Long Day’s Journey Into Night (2018) REVIEW | Around The World in 14 Films Fest

"Watching the film – especially the first half – I was in a constant state of bewilderment, yet crucially, I was never bored."

Journey Into Night Bi Gan
Journey Into Night Bi Gan
Release Date
May 15, 2018
Director
Bi Gan

Ever fallen asleep during a film and had the sensation that your dream is melding with the story? Long Day’s Journey Into Night works like that, merging fantasy and reality to hypnotic effect. Peering behind the inner workings of the subconscious, it’s a daring and fascinating film that eschews final meaning in favour of evocative gesture. Playing like a uniquely woozy mixture of In The Mood For Love, Vertigo and Stalker, with a little bit of film noir thrown in for good measure, it asserts Bi Gan as a force to be reckoned with in the slow cinema movement.

Our hero is Luo Hongwu (Huang Jue). As slow cinema demands, he wears a heavy overcoat and smokes constantly, at one point lighting a new cigarette with the embers of the last one. He has returned to his hometown of Kaili to find a woman he once loved, who goes by the name of Wan Qiwen (Tang Wei). His search in the present is blended with their dalliances in the past. Draped in a dark green dress that evokes Hitchcock’s Vertigo, the beautiful Qiwen is a classic film noir enigma. Searching for her in empty rooms and neon-streaked streets, and talking to older people who he thinks may have a connection with her, Luo is a haunted man, only able to live in the past. Will he find his woman or is this merely a fruitless quest?

The most commendable part of the movie is the structure, its latter half an astounding 55 minute 3D tracking-shot. Seventy five minutes in, Luo goes into a cinema, and puts on his 3D glasses, instructing the audience to follow suit. He instantly falls asleep and we enter a remarkable movie-within-the-movie that really has to be seen to be believed.
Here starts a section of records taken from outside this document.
(* Let $\mathcal{C}$ be a class of finite digraphs for which there is a natural number $N$ such that every disjoint edge set in every member of $\mathcal{C}$ has size at most $N$. Then $\mathcal{C}$ is well quasi-ordered under both the standard and the strong homomorphic image orderings.
   Context: A digraph is a set $D$ with a binary relation $E(D)\subseteq D\times D$ (edges; loops allowed). Edges $(a_1,b_1),\dots,(a_k,b_k)$ form a disjoint edge set if the vertices $a_1,\dots,a_k,b_1,\dots,b_k$ are all distinct. A homomorphism $\phi:D_1\to D_2$ maps edges to edges; it is strong if additionally every edge of $D_2$ between vertices of $\phi(D_1)$ is the image of an edge of $D_1$. Epimorphism = surjective homomorphism. Standard homomorphic image ordering: $A\preceq B$ iff there is an epimorphism $B\to A$; strong homomorphic image ordering: $A\preceq B$ iff there is a strong epimorphism $B\to A$. Well quasi-ordered means no infinite strictly decreasing sequence and no infinite antichain; structures considered up to isomorphism. *)

theory Defs
  imports Main
begin

text \<open>Vertices are taken from nat; every finite digraph is isomorphic
to one on nat, so classes of finite digraphs (up to isomorphism) are sets of such pairs.\<close>

type_synonym digraph = "nat set \<times> (nat \<times> nat) set"

definition verts :: "digraph \<Rightarrow> nat set" where "verts D = fst D"
definition edges :: "digraph \<Rightarrow> (nat \<times> nat) set" where "edges D = snd D"

definition finite_digraph :: "digraph \<Rightarrow> bool" where
  "finite_digraph D \<longleftrightarrow> finite (verts D) \<and> edges D \<subseteq> verts D \<times> verts D"

definition disjoint_edge_set :: "digraph \<Rightarrow> (nat \<times> nat) list \<Rightarrow> bool" where
  "disjoint_edge_set D es \<longleftrightarrow> set es \<subseteq> edges D \<and> distinct (map fst es @ map snd es)"

definition hom :: "(nat \<Rightarrow> nat) \<Rightarrow> digraph \<Rightarrow> digraph \<Rightarrow> bool" where
  "hom \<phi> D1 D2 \<longleftrightarrow> \<phi> ` verts D1 \<subseteq> verts D2 \<and>
     (\<forall>a b. (a, b) \<in> edges D1 \<longrightarrow> (\<phi> a, \<phi> b) \<in> edges D2)"

definition strong_hom :: "(nat \<Rightarrow> nat) \<Rightarrow> digraph \<Rightarrow> digraph \<Rightarrow> bool" where
  "strong_hom \<phi> D1 D2 \<longleftrightarrow> hom \<phi> D1 D2 \<and>
     (\<forall>x \<in> \<phi> ` verts D1. \<forall>y \<in> \<phi> ` verts D1. (x, y) \<in> edges D2 \<longrightarrow>
        (\<exists>a b. (a, b) \<in> edges D1 \<and> \<phi> a = x \<and> \<phi> b = y))"

definition epi :: "(nat \<Rightarrow> nat) \<Rightarrow> digraph \<Rightarrow> digraph \<Rightarrow> bool" where
  "epi \<phi> D1 D2 \<longleftrightarrow> hom \<phi> D1 D2 \<and> \<phi> ` verts D1 = verts D2"

definition strong_epi :: "(nat \<Rightarrow> nat) \<Rightarrow> digraph \<Rightarrow> digraph \<Rightarrow> bool" where
  "strong_epi \<phi> D1 D2 \<longleftrightarrow> strong_hom \<phi> D1 D2 \<and> \<phi> ` verts D1 = verts D2"

definition hom_image_le :: "digraph \<Rightarrow> digraph \<Rightarrow> bool" where
  "hom_image_le A B \<longleftrightarrow> (\<exists>\<phi>. epi \<phi> B A)"

definition strong_hom_image_le :: "digraph \<Rightarrow> digraph \<Rightarrow> bool" where
  "strong_hom_image_le A B \<longleftrightarrow> (\<exists>\<phi>. strong_epi \<phi> B A)"

definition wqo_on :: "'x set \<Rightarrow> ('x \<Rightarrow> 'x \<Rightarrow> bool) \<Rightarrow> bool" where
  "wqo_on A le \<longleftrightarrow>
     \<not> (\<exists>f :: nat \<Rightarrow> 'x. (\<forall>n. f n \<in> A) \<and> (\<forall>n. le (f (Suc n)) (f n) \<and> \<not> le (f n) (f (Suc n)))) \<and>
     \<not> (\<exists>f :: nat \<Rightarrow> 'x. (\<forall>n. f n \<in> A) \<and> (\<forall>i j. i \<noteq> j \<longrightarrow> \<not> le (f i) (f j)))"

end

theory Submission
  imports Defs "HOL-Library.Ramsey" "HOL-Library.Equipollence"
begin

(* Fix a maximum disjoint edge set of D and let K be the set of its at most 2N endpoints.
   By maximality every edge that is not a loop meets K, so D is determined up to isomorphism by
   the digraph induced on K together with the type of each vertex outside K: its out- and
   in-neighbours in K and whether it carries a loop. Labelling K by rank, only finitely many
   such skeletons and types exist. If D and D' have the same skeleton and D' has at least as many
   vertices of every type as D, then matching K' with K by rank and mapping each type class of D'
   onto the corresponding class of D is a strong epimorphism D' -> D. Ramsey's theorem yields
   such a pair in every infinite sequence, so there is no infinite antichain.
   An epimorphism either decreases the number of vertices or is bijective, and a bijective
   epimorphism either increases the number of edges or is an isomorphism; so (number of
   vertices, number of non-edges) decreases lexicographically along a strictly descending chain. *)

lemma exists_fibrewise_surjection:
  fixes f :: "'a \<Rightarrow> 'c" and g :: "'b \<Rightarrow> 'c"
  assumes "finite A" "finite B"
    and card_fibres: "\<And>c. card {b \<in> B. g b = c} \<le> card {a \<in> A. f a = c}"
    and fibres_nonempty: "\<And>a. a \<in> A \<Longrightarrow> \<exists>b \<in> B. g b = f a"
  obtains \<phi> where "\<phi> ` A = B" "\<And>a. a \<in> A \<Longrightarrow> g (\<phi> a) = f a"
proof -
  have "\<exists>\<psi>. \<psi> ` {a \<in> A. f a = c} = {b \<in> B. g b = c}" for c
  proof (cases "{a \<in> A. f a = c} = {}")
    case True
    then have "card {b \<in> B. g b = c} = 0"
      using card_fibres[of c] unfolding True by simp
    then have "{b \<in> B. g b = c} = {}"
      using assms(2) by simp
    with True show ?thesis by (metis image_empty)
  next
    case False
    then obtain b0 where b0: "b0 \<in> {b \<in> B. g b = c}"
      using fibres_nonempty by blast
    have "{b \<in> B. g b = c} \<lesssim> {a \<in> A. f a = c}"
      using card_fibres assms(1,2) by (simp add: lepoll_iff_card_le)
    then obtain \<psi> where "{b \<in> B. g b = c} \<subseteq> \<psi> ` {a \<in> A. f a = c}"
      unfolding lepoll_iff by blast
    then have "(\<lambda>a. if \<psi> a \<in> {b \<in> B. g b = c} then \<psi> a else b0) ` {a \<in> A. f a = c}
        = {b \<in> B. g b = c}"
      using b0 by (auto simp: image_iff)
    then show ?thesis by blast
  qed
  then obtain \<Psi> where \<Psi>: "\<And>c. \<Psi> c ` {a \<in> A. f a = c} = {b \<in> B. g b = c}"
    by metis
  have maps_to_fibre: "\<Psi> (f a) a \<in> B \<and> g (\<Psi> (f a) a) = f a" if "a \<in> A" for a
    using \<Psi>[of "f a"] that by blast
  have "B \<subseteq> (\<lambda>a. \<Psi> (f a) a) ` A"
  proof
    fix b assume "b \<in> B"
    then have "b \<in> \<Psi> (g b) ` {a \<in> A. f a = g b}"
      using \<Psi>[of "g b"] by simp
    then obtain a where "a \<in> A" "f a = g b" "b = \<Psi> (g b) a"
      by blast
    then show "b \<in> (\<lambda>a. \<Psi> (f a) a) ` A"
      using image_eqI[of b "\<lambda>a. \<Psi> (f a) a" a A] by simp
  qed
  with maps_to_fibre show ?thesis
    using that[of "\<lambda>a. \<Psi> (f a) a"] by blast
qed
While on the face of it, it could’ve been just a neat gimmick – especially in the way the title card is finally displayed on screen just before the switch – it actually makes a lot of sense aesthetically. It shows us that 3D need not be merely a supplement to action or sci-fi cinema but a new way of enveloping the viewer inside a narrative. The 3D projection highlights the subconscious projection of Luo’s mind. As a representation of the bizarre nature of dreams and the way they reframe our anxieties in a manner we wouldn’t have dreamed of, Long Day’s Journey Into Night’s second-half is spot-on, bringing the elusiveness of the first half into focus.
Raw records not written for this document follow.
lemma prob_space_folded_normal: "prob_space (folded_normal \<mu>)"
  by (rule prob_spaceI) (simp add: emeasure_folded_normal Phi_atLeast_0)

lemma measurable_folded_normal: "folded_normal \<in> borel \<rightarrow>\<^sub>M subprob_algebra borel"
proof (rule measurable_subprob_algebra)
  fix A :: "real set" assume "A \<in> sets borel"
  then show "(\<lambda>\<mu>. emeasure (folded_normal \<mu>) A) \<in> borel_measurable borel"
    by (simp add: emeasure_folded_normal)
qed (simp_all add: prob_space_folded_normal prob_space_imp_subprob_space)

lemma emeasure_bind_folded_normal:
  assumes G: "sets G = sets borel" and B: "B \<in> sets borel" "B \<subseteq> {0..}"
  shows "emeasure (G \<bind> folded_normal) B = (\<integral>\<^sup>+\<mu>. Phi B \<mu> \<partial>G)"
proof -
  have "space G \<noteq> {}"
    using sets_eq_imp_space_eq[OF G] by simp
  moreover have "folded_normal \<in> G \<rightarrow>\<^sub>M subprob_algebra borel"
    using measurable_folded_normal by (simp add: measurable_cong_sets[OF G])
  ultimately show ?thesis
    using B by (simp add: emeasure_bind emeasure_folded_normal Int_absorb2)
qed

definition trunc_folded_normal :: "real set \<Rightarrow> real \<Rightarrow> real measure" where
  "trunc_folded_normal S \<mu> =
     density lborel (\<lambda>z. ennreal (indicator S z * phi_fold z \<mu> / Phi S \<mu>))"

lemma per_unit_obs_conv_bind: "per_unit_obs S H = H \<bind> trunc_folded_normal S"
  unfolding per_unit_obs_def trunc_folded_normal_def ..

lemma sets_trunc_folded_normal[measurable_cong, simp]: "sets (trunc_folded_normal S \<mu>) = sets borel"
  by (simp add: trunc_folded_normal_def)

lemma emeasure_trunc_folded_normal:
  assumes S: "S \<in> sets borel" "emeasure lborel S > 0" and A: "A \<in> sets borel"
  shows "emeasure (trunc_folded_normal S \<mu>) A = ennreal (Phi (S \<inter> A) \<mu> / Phi S \<mu>)"
proof -
  have Phi_S: "0 < Phi S \<mu>"
    using Phi_pos[OF S] .
  have "emeasure (trunc_folded_normal S \<mu>) A
      = (\<integral>\<^sup>+z. ennreal (indicator (S \<inter> A) z * phi_fold z \<mu>) / ennreal (Phi S \<mu>) \<partial>lborel)"
    unfolding trunc_folded_normal_def using S A Phi_S
    by (subst emeasure_density)
       (auto intro!: nn_integral_cong simp: divide_ennreal less_imp_le[OF phi_fold_pos]
         split: split_indicator)
  also have "\<dots> = ennreal (Phi (S \<inter> A) \<mu>) / ennreal (Phi S \<mu>)"
    using S A by (subst nn_integral_divide) (auto simp: ennreal_Phi)
  also have "\<dots> = ennreal (Phi (S \<inter> A) \<mu> / Phi S \<mu>)"
    using Phi_S by (intro divide_ennreal Phi_nonneg)
  finally show ?thesis .
qed


lemma space_trunc_folded_normal[simp]: "space (trunc_folded_normal S \<mu>) = UNIV"
  by (simp add: trunc_folded_normal_def)

lemma measurable_trunc_folded_normal:
  assumes [measurable]: "S \<in> sets borel" and "emeasure lborel S > 0"
  shows "trunc_folded_normal S \<in> borel \<rightarrow>\<^sub>M subprob_algebra borel"
proof (rule measurable_subprob_algebra)
  fix \<mu> :: real
  have "emeasure (trunc_folded_normal S \<mu>) (space (trunc_folded_normal S \<mu>)) = 1"
    using Phi_pos[OF assms, of \<mu>] by (simp add: emeasure_trunc_folded_normal[OF assms])
  then show "subprob_space (trunc_folded_normal S \<mu>)"
    by (intro prob_space_imp_subprob_space prob_spaceI)
next
  fix A :: "real set" assume "A \<in> sets borel"
  then show "(\<lambda>\<mu>. emeasure (trunc_folded_normal S \<mu>) A) \<in> borel_measurable borel"
    by (simp add: emeasure_trunc_folded_normal[OF assms])
qed simp_all

lemma emeasure_density_indicator_divide:
  assumes "S \<in> sets M" "A \<in> sets M"
  shows "emeasure (density M (\<lambda>z. indicator S z / c)) A = emeasure M (S \<inter> A) / c"
proof -
  have "emeasure (density M (\<lambda>z. indicator S z / c)) A = (\<integral>\<^sup>+z. indicator (S \<inter> A) z / c \<partial>M)"
    using assms by (subst emeasure_density) (auto intro!: nn_integral_cong split: split_indicator)
  also have "\<dots> = emeasure M (S \<inter> A) / c"
    using assms by (subst nn_integral_divide) auto
  finally show ?thesis .
qed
We are told by Luo that memories differ crucially from cinema as while the former mixes truth and fiction, the latter is a complete lie. What are we to make of his dream then, which surrealistically replays his obsessions through familiar anecdotes, doppelgängers and motifs? Is it a complete lie, or does it mix truth with fiction? The closest analogue in the past few years might be David Lynch’s The Return, which also refused to create a clear link between projection and reality. You simply have to trust the images themselves.

Watching the film – especially the first half – I was in a constant state of bewilderment, yet crucially, I was never bored. Gan forces the viewer to focus on things a conventional film may gloss over: the way rain forms on a car window, a cigarette is lit, or how two characters stand in relation to each other. The camera movement feels purposeful and imbued with meaning, even when it’s not obviously apparent. Credit has to go to Huang Jue, who anchors the film in real emotions of love and loss, doing some great acting with merely body movement alone.

It all centres around a mysterious room. With its constantly leaking roof, it’s a clear homage to Tarkovsky’s Nostalghia, which was about trying to sustain faith in an ever-confusing world. But if Bi Gan is to be the heir of slow cinema masters such as Tarkovsky or Béla Tarr or Theodoros Angelopoulos, his film noir attitude, bolstered by a guitar heavy soundtrack, lacks their severity. His work is sexy, romantic and highly subjective, making slow cinema accessible to a new audience. Pushing the boundaries of what the form can do, Long Day’s Journey Into Night is an essential watch.